◆ **BRIEF**: Tally every line below where "each" appears, then report the total alone.

----------------------------------------

lemma hlaplacian_cut_bounds:
  assumes hg: "hypergraph n E" and S: "S \<noteq> {}" "S \<subset> {0..<n}"
  shows "eigval (hlaplacian n E) 2 * real (card S) * real (card ({0..<n} - S)) / real n
      \<le> (\<Sum>e\<in>E. cut_weight S e)"
    and "(\<Sum>e\<in>E. cut_weight S e)
      \<le> eigval (hlaplacian n E) n * real (card S) * real (card ({0..<n} - S)) / real n"
proof -
  let ?L = "hlaplacian n E"
  define s where "s = real (card S)"
  define s' where "s' = real (card ({0..<n} - S))"
  define W where "W = (\<Sum>e\<in>E. cut_weight S e)"
  define x where "x = vec n (\<lambda>i. if i \<in> S then s' else - s)"
  define one :: "real vec" where "one = vec n (\<lambda>_. 1)"
  have n2: "2 \<le> n" by (rule two_le_if_nonempty_psubset[OF S])
  have ns: "real n = s + s'"
    using card_Int_Diff[of "{0..<n}" S] S(2) by (simp add: s_def s'_def Int_absorb1)
  have x: "x \<in> carrier_vec n" by (simp add: x_def)
  have "one $ 0 \<noteq> 0\<^sub>v n $ 0" using n2 by (simp add: one_def)
  then have one: "one \<in> carrier_vec n" "one \<noteq> 0\<^sub>v n" by (auto simp: one_def)
  have x_one: "x \<bullet> one = 0" and xx: "x \<bullet> x = s * s' * real n"
    using cut_vector_scalar_prods[of S n s' s] S(2)
    by (auto simp: x_def one_def s_def s'_def ns power2_eq_square algebra_simps)
  have "x \<bullet> (?L *\<^sub>v x) = (\<Sum>e\<in>E. edge_energy e x)"
    by (rule hlaplacian_quadratic_form[OF hg x])
  also have "\<dots> = (\<Sum>e\<in>E. real n ^ 2 * cut_weight S e)"
    unfolding x_def using hypergraph_edgeD(1)[OF hg]
    by (intro sum.cong refl) (simp add: edge_energy_cut_vector ns add.commute)
  finally have xLx: "x \<bullet> (?L *\<^sub>v x) = real n ^ 2 * W"
    by (simp add: W_def sum_distrib_left)
  have "eigval ?L 2 * (x \<bullet> x) \<le> x \<bullet> (?L *\<^sub>v x)"
    using eigval_2_le_quadratic_form[OF hlaplacian_carrier hlaplacian_symmetric n2
        hlaplacian_psd[OF hg] one hlaplacian_mult_ones[OF hg, folded one_def] x x_one] .
  then have "real n * (eigval ?L 2 * s * s') \<le> real n * (real n * W)"
    unfolding xx xLx by (simp add: power2_eq_square mult_ac)
  then show "eigval ?L 2 * real (card S) * real (card ({0..<n} - S)) / real n \<le> W"
    using n2 by (simp add: s_def s'_def field_simps)
  have "x \<bullet> (?L *\<^sub>v x) \<le> eigval ?L n * (x \<bullet> x)"
    using n2 by (intro quadratic_form_le_eigval_max[OF hlaplacian_carrier hlaplacian_symmetric _ x]) simp
  then have "real n * (real n * W) \<le> real n * (eigval ?L n * s * s')"
    unfolding xx xLx by (simp add: power2_eq_square mult_ac)
  then show "W \<le> eigval ?L n * real (card S) * real (card ({0..<n} - S)) / real n"
    using n2 by (simp add: s_def s'_def field_simps)
qed
(* Let $\kappa$ be an uncountable regular cardinal, let $\mathcal{I}$ be a $\kappa$-complete proper ideal on $\kappa$ containing every bounded subset of $\kappa$, and suppose $\mathcal{I}$ has a basis of size $\kappa$. Let $\nu\in\{2,\kappa\}$. Then the $\mathcal{I}$-Borel hierarchy on ${}^{\kappa}\nu$ is increasing: for all ordinals $1\le\alpha<\beta$, $\boldsymbol{\Sigma}^0_\alpha({}^{\kappa}\nu,\tau_{\mathcal{I}})\subseteq\boldsymbol{\Sigma}^0_\beta({}^{\kappa}\nu,\tau_{\mathcal{I}})$.
   Context: A basis for $\mathcal{I}$ is a family $\mathcal{B}\subseteq\mathcal{I}$ such that every member of $\mathcal{I}$ is contained in some member of $\mathcal{B}$. ${}^{\kappa}\nu$ is the set of functions $\kappa\to\nu$; $\tau_{\mathcal{I}}$ is the topology generated by the sets $\mathbf{N}_f=\{x:f\subseteq x\}$ for $f\colon D\to\nu$ with $D\in\mathcal{I}$. $\boldsymbol{\Sigma}^0_1$ = $\tau_{\mathcal{I}}$-open sets, $\boldsymbol{\Pi}^0_1$ = $\tau_{\mathcal{I}}$-closed sets; for $\alpha>1$, $\boldsymbol{\Sigma}^0_\alpha$ is the family of unions $\bigcup_{\gamma<\kappa}A_\gamma$ with $A_\gamma\in\bigcup_{1\le\beta<\alpha}\boldsymbol{\Pi}^0_\beta$, and $\boldsymbol{\Pi}^0_\alpha$ the complements of $\boldsymbol{\Sigma}^0_\alpha$ sets. *)

theory Defs
  imports "HOL-Analysis.Analysis"
begin

text \<open>Basic open sets N_f = {x. f \<subseteq> x} for partial functions f with domain D in the ideal I.
  A partial function D \<rightarrow> \<nu> is represented by a total g together with its domain D.\<close>
definition basic_nbhds :: "'k set set \<Rightarrow> ('k \<Rightarrow> 'v) set set" where
  "basic_nbhds I = {{x. \<forall>i\<in>D. x i = g i} | D g. D \<in> I}"

definition tau_I :: "'k set set \<Rightarrow> ('k \<Rightarrow> 'v) topology" where
  "tau_I I = topology_generated_by (basic_nbhds I)"

text \<open>The Borel hierarchy indexed by a well-order W: the element a of Field W stands for
  the ordinal 1 + otype(strict initial segment below a). So a minimal element gives Sigma_1
  (open sets); otherwise Sigma_a consists of unions of K-indexed families (K = kappa) of sets
  each of which is Pi_b (complement of a Sigma_b set) for some b strictly below a.\<close>
inductive Borel_Sigma :: "'x topology \<Rightarrow> 'k set \<Rightarrow> 'o rel \<Rightarrow> 'o \<Rightarrow> 'x set \<Rightarrow> bool"
  for T :: "'x topology" and K :: "'k set" and W :: "'o rel" where
  open_level: "a \<in> Field W \<Longrightarrow> (\<forall>b. (b, a) \<in> W \<longrightarrow> b = a) \<Longrightarrow> openin T X
     \<Longrightarrow> Borel_Sigma T K W a X"
| union_level: "a \<in> Field W \<Longrightarrow> (\<exists>b. (b, a) \<in> W \<and> b \<noteq> a)
     \<Longrightarrow> (\<forall>i\<in>K. A i \<subseteq> topspace T \<and>
            (\<exists>b. (b, a) \<in> W \<and> b \<noteq> a \<and> Borel_Sigma T K W b (topspace T - A i)))
     \<Longrightarrow> Borel_Sigma T K W a (\<Union>i\<in>K. A i)"

end

theory Submission
  imports Defs
begin

text \<open>Every open set \<open>X\<close> of \<open>\<tau>\<^sub>I\<close> is the union of the sets \<open>{x. N\<^sub>x\<^sub>|\<^sub>Y \<subseteq> X}\<close> for \<open>Y\<close> ranging
  over a basis of the ideal, and each of these sets is clopen, since membership in it depends
  only on the coordinates in \<open>Y \<in> I\<close>. With a basis of size \<open>\<kappa>\<close>, open sets are therefore
  \<open>\<kappa>\<close>-unions of closed sets, i.e. \<open>\<Sigma>\<^sup>0\<^sub>1 \<subseteq> \<Sigma>\<^sup>0\<^sub>2\<close>; at all higher levels the inclusion is
  immediate from the transitivity of the level ordering.\<close>

lemma finite_card_of_ordLess_infinite_card_order:
  assumes "card_order (r :: 'k rel)" and "infinite (UNIV :: 'k set)" and "finite A"
  shows "(card_of A, r) \<in> ordLess"
proof (rule finite_ordLess_infinite)
  show "Well_order r" "infinite (Field r)"
    using assms(1,2) card_order_on_well_order_on well_order_on_Field by fastforce+
  show "Well_order (card_of A)" by (rule card_of_Well_order)
  show "finite (Field (card_of A))" using assms(3) by (simp add: Field_card_of)
qed

lemma card_order_ordIso_obtains_bij_betw:
  assumes "card_order (r :: 'k rel)" and "(card_of B, r) \<in> ordIso"
  obtains h where "bij_betw h (UNIV :: 'k set) B"
proof -
  have "(r, card_of (UNIV :: 'k set)) \<in> ordIso"
    using card_order_on_ordIso[OF assms(1) card_of_card_order_on] .
  then have "(card_of (UNIV :: 'k set), card_of B) \<in> ordIso"
    using assms(2) ordIso_symmetric ordIso_transitive by blast
  then show ?thesis using card_of_ordIso that by blast
qed

lemma topspace_tau_I:
  assumes "I \<noteq> {}"
  shows "topspace (tau_I I) = UNIV"
proof -
  obtain D where "D \<in> I" using assms by blast
  then have "x \<in> \<Union>(basic_nbhds I)" for x :: "'a \<Rightarrow> 'b"
    unfolding basic_nbhds_def by blast
  then show ?thesis unfolding tau_I_def topology_generated_by_topspace by blast
qed

lemma openin_tau_I_if_determined:
  assumes "D \<in> I" and "\<And>x y. \<forall>i\<in>D. x i = y i \<Longrightarrow> x \<in> S \<Longrightarrow> y \<in> S"
  shows "openin (tau_I I) S"
proof -
  have nbhd_open: "openin (tau_I I) {y. \<forall>i\<in>D. y i = x i}" for x :: "'a \<Rightarrow> 'b"
    unfolding tau_I_def
    by (rule topology_generated_by_Basis) (use assms(1) in \<open>auto simp: basic_nbhds_def\<close>)
  have "S = (\<Union>x\<in>S. {y. \<forall>i\<in>D. y i = x i})"
    using assms(2) by auto (metis assms(2))
  also have "openin (tau_I I) \<dots>"
    using nbhd_open by (intro openin_Union) auto
  finally show ?thesis .
qed

lemma openin_tau_I_imp_local:
  assumes "openin (tau_I I) U"
    and Un_closed: "\<And>D E. D \<in> I \<Longrightarrow> E \<in> I \<Longrightarrow> D \<union> E \<in> I"
  shows "\<forall>x\<in>U. \<exists>D\<in>I. \<forall>y. (\<forall>i\<in>D. y i = x i) \<longrightarrow> y \<in> U"
proof -
  have "generate_topology_on (basic_nbhds I) U"
    using assms(1) unfolding tau_I_def by (rule openin_topology_generated_by)
  then show ?thesis
  proof (induction rule: generate_topology_on.induct)
    case (Int a b)
    show ?case
    proof
      fix x assume "x \<in> a \<inter> b"
      then obtain D E where "D \<in> I" "E \<in> I"
        "\<forall>y. (\<forall>i\<in>D. y i = x i) \<longrightarrow> y \<in> a" "\<forall>y. (\<forall>i\<in>E. y i = x i) \<longrightarrow> y \<in> b"
        using Int.IH by blast
      then show "\<exists>D\<in>I. \<forall>y. (\<forall>i\<in>D. y i = x i) \<longrightarrow> y \<in> a \<inter> b"
        by (intro bexI[of _ "D \<union> E"]) (auto intro: Un_closed)
    qed
  next
    case (UN K)
    show ?case
    proof
      fix x assume "x \<in> \<Union>K"
      then obtain k where k: "k \<in> K" "x \<in> k" by blast
      then obtain D where "D \<in> I" "\<forall>y. (\<forall>i\<in>D. y i = x i) \<longrightarrow> y \<in> k"
        using UN.IH[OF k(1)] by blast
      then show "\<exists>D\<in>I. \<forall>y. (\<forall>i\<in>D. y i = x i) \<longrightarrow> y \<in> \<Union>K"
        using k(1) by blast
    qed
  next
    case (Basis s)
    then obtain D g where s: "s = {x. \<forall>i\<in>D. x i = g i}" "D \<in> I"
      unfolding basic_nbhds_def by blast
    show ?case
    proof
      fix x assume "x \<in> s"
      then show "\<exists>D\<in>I. \<forall>y. (\<forall>i\<in>D. y i = x i) \<longrightarrow> y \<in> s"
        using s by (intro bexI[of _ D]) auto
    qed
  qed simp
qed

definition determined_core :: "'k set \<Rightarrow> ('k \<Rightarrow> 'v) set \<Rightarrow> ('k \<Rightarrow> 'v) set" where
  "determined_core D X = {x. \<forall>y. (\<forall>i\<in>D. y i = x i) \<longrightarrow> y \<in> X}"

lemma determined_core_antimono: "D \<subseteq> E \<Longrightarrow> determined_core D X \<subseteq> determined_core E X"
  unfolding determined_core_def by blast

lemma openin_tau_I_Compl_determined_core:
  assumes "D \<in> I"
  shows "openin (tau_I I) (- determined_core D X)"
  by (rule openin_tau_I_if_determined[OF assms]) (auto simp: determined_core_def)

lemma openin_tau_I_eq_Union_determined_core:
  assumes "openin (tau_I I) U"
    and "\<And>D E. D \<in> I \<Longrightarrow> E \<in> I \<Longrightarrow> D \<union> E \<in> I"
    and cofinal: "\<And>D. D \<in> I \<Longrightarrow> \<exists>k. D \<subseteq> h k"
  shows "U = (\<Union>k. determined_core (h k) U)"
proof
  show "U \<subseteq> (\<Union>k. determined_core (h k) U)"
  proof
    fix x assume "x \<in> U"
    then obtain D where "D \<in> I" and "x \<in> determined_core D U"
      using openin_tau_I_imp_local[OF assms(1,2)] unfolding determined_core_def by blast
    moreover obtain k where "D \<subseteq> h k" using cofinal \<open>D \<in> I\<close> by blast
    ultimately have "x \<in> determined_core (h k) U"
      using determined_core_antimono by blast
    then show "x \<in> (\<Union>k. determined_core (h k) U)" by blast
  qed
  show "(\<Union>k. determined_core (h k) U) \<subseteq> U"
    unfolding determined_core_def by blast
qed

lemma Borel_Sigma_Union_clopen:
  assumes "(a, b) \<in> W" and "a \<noteq> b" and a_min: "\<forall>c. (c, a) \<in> W \<longrightarrow> c = a"
    and clopen: "\<forall>i\<in>K. C i \<subseteq> topspace T \<and> openin T (topspace T - C i)"
  shows "Borel_Sigma T K W b (\<Union>i\<in>K. C i)"
proof (rule Borel_Sigma.union_level)
  have "a \<in> Field W" using assms(1) by (auto simp: Field_def)
  then have "Borel_Sigma T K W a (topspace T - C i)" if "i \<in> K" for i
    using a_min clopen that by (blast intro: Borel_Sigma.open_level)
  then show "\<forall>i\<in>K. C i \<subseteq> topspace T \<and>
      (\<exists>c. (c, b) \<in> W \<and> c \<noteq> b \<and> Borel_Sigma T K W c (topspace T - C i))"
    using clopen assms(1,2) by blast
qed (use assms(1,2) in \<open>auto simp: Field_def\<close>)

lemma Borel_Sigma_raise_nonminimal_level:
  assumes "trans W" and "antisym W" and "(a, b) \<in> W" and "a \<noteq> b"
    and "Borel_Sigma T K W a X" and "\<exists>c. (c, a) \<in> W \<and> c \<noteq> a"
  shows "Borel_Sigma T K W b X"
  using assms(5)
proof cases
  case (union_level A)
  have below_b: "(c, b) \<in> W \<and> c \<noteq> b" if "(c, a) \<in> W" "c \<noteq> a" for c
    using that assms(1-4) by (meson antisymD transD)
  have "\<forall>i\<in>K. A i \<subseteq> topspace T \<and>
      (\<exists>c. (c, b) \<in> W \<and> c \<noteq> b \<and> Borel_Sigma T K W c (topspace T - A i))"
    using union_level(4) below_b by meson
  then have "Borel_Sigma T K W b (\<Union>i\<in>K. A i)"
    using assms(3,4) by (intro Borel_Sigma.union_level) (auto simp: Field_def)
  then show ?thesis using union_level(1) by simp
qed (use assms(6) in blast)

lemma Borel_Sigma_mono_level:
  assumes "trans W" and "antisym W" and "(a, b) \<in> W" and "a \<noteq> b"
    and open_eq_Union: "\<And>X. openin T X \<Longrightarrow> X = (\<Union>i\<in>K. C X i)"
    and clopen: "\<And>X. openin T X \<Longrightarrow>
      \<forall>i\<in>K. C X i \<subseteq> topspace T \<and> openin T (topspace T - C X i)"
    and "Borel_Sigma T K W a X"
  shows "Borel_Sigma T K W b X"
proof (cases "\<exists>c. (c, a) \<in> W \<and> c \<noteq> a")
  case True
  then show ?thesis by (rule Borel_Sigma_raise_nonminimal_level[OF assms(1-4,7)])
next
  case False
  then have a_min: "\<forall>c. (c, a) \<in> W \<longrightarrow> c = a" by blast
  from assms(7) have "openin T X"
    by cases (use False in blast)+
  then have "Borel_Sigma T K W b (\<Union>i\<in>K. C X i)"
    by (intro Borel_Sigma_Union_clopen[OF assms(3,4) a_min] clopen)
  then show ?thesis using open_eq_Union[OF \<open>openin T X\<close>] by simp
qed

theorem corollary4p5:
  fixes r :: "'k rel" and I :: "'k set set" and W :: "'o rel"
    and T :: "('k \<Rightarrow> 'v) topology"
  assumes kappa_card: "card_order r"
    and kappa_regular: "regularCard r"
    and kappa_uncountable: "\<not> countable (UNIV :: 'k set)"
    and ideal_down: "\<And>X Y. X \<in> I \<Longrightarrow> Y \<subseteq> X \<Longrightarrow> Y \<in> I"
    and ideal_complete: "\<And>F. F \<subseteq> I \<Longrightarrow> (card_of F, r) \<in> ordLess \<Longrightarrow> \<Union>F \<in> I"
    and ideal_proper: "UNIV \<notin> I"
    and ideal_bounded: "\<And>X c. (\<forall>x\<in>X. (x, c) \<in> r) \<Longrightarrow> X \<in> I"
    and ideal_basis: "\<exists>B \<subseteq> I. (card_of B, r) \<in> ordIso \<and> (\<forall>X\<in>I. \<exists>Y\<in>B. X \<subseteq> Y)"
    and nu: "(card_of (UNIV :: 'v set), card_of (UNIV :: bool set)) \<in> ordIso \<or> (card_of (UNIV :: 'v set), r) \<in> ordIso"
    and T_def: "T = tau_I I"
    and W: "Well_order W"
    and ab: "(a, b) \<in> W" "a \<noteq> b"
  shows "{X. Borel_Sigma T (UNIV :: 'k set) W a X} \<subseteq> {X. Borel_Sigma T (UNIV :: 'k set) W b X}"
proof -
  have Un_closed: "D \<union> E \<in> I" if "D \<in> I" "E \<in> I" for D E
  proof -
    have "(card_of {D, E}, r) \<in> ordLess"
      using kappa_card kappa_uncountable countable_finite
      by (intro finite_card_of_ordLess_infinite_card_order) auto
    then show ?thesis using ideal_complete[of "{D, E}"] that by simp
  qed
  have "{} \<in> I" using ideal_bounded[of "{}"] by simp
  then have topspace: "topspace T = UNIV" using T_def topspace_tau_I by auto
  obtain B where B: "B \<subseteq> I" "(card_of B, r) \<in> ordIso" "\<forall>X\<in>I. \<exists>Y\<in>B. X \<subseteq> Y"
    using ideal_basis by blast
  obtain h where h: "bij_betw h (UNIV :: 'k set) B"
    using card_order_ordIso_obtains_bij_betw[OF kappa_card B(2)] .
  have h_I: "h k \<in> I" for k using h B(1) by (auto simp: bij_betw_def)
  have h_cofinal: "\<exists>k. D \<subseteq> h k" if "D \<in> I" for D
  proof -
    from B(3) \<open>D \<in> I\<close> obtain Y where "Y \<in> B" "D \<subseteq> Y" by blast
    moreover have "B = range h" using h by (simp add: bij_betw_def)
    ultimately show ?thesis by blast
  qed
  have open_eq_Union: "X = (\<Union>k\<in>UNIV. determined_core (h k) X)" if "openin T X" for X
    using that unfolding T_def by (rule openin_tau_I_eq_Union_determined_core[OF _ Un_closed h_cofinal])
  have clopen: "\<forall>k\<in>UNIV. determined_core (h k) X \<subseteq> topspace T \<and>
      openin T (topspace T - determined_core (h k) X)" for X
    using openin_tau_I_Compl_determined_core[OF h_I, where X = X] T_def topspace by (simp add: Compl_eq_Diff_UNIV)
  have "trans W" "antisym W"
    using W by (auto simp: well_order_on_def linear_order_on_def partial_order_on_def preorder_on_def)
  from Borel_Sigma_mono_level[where C = "\<lambda>X k. determined_core (h k) X",
      OF this ab open_eq_Union clopen]
  show ?thesis by blast
qed

end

----------------------------------------

◆ **ANSWER TO THIS TASK**: 2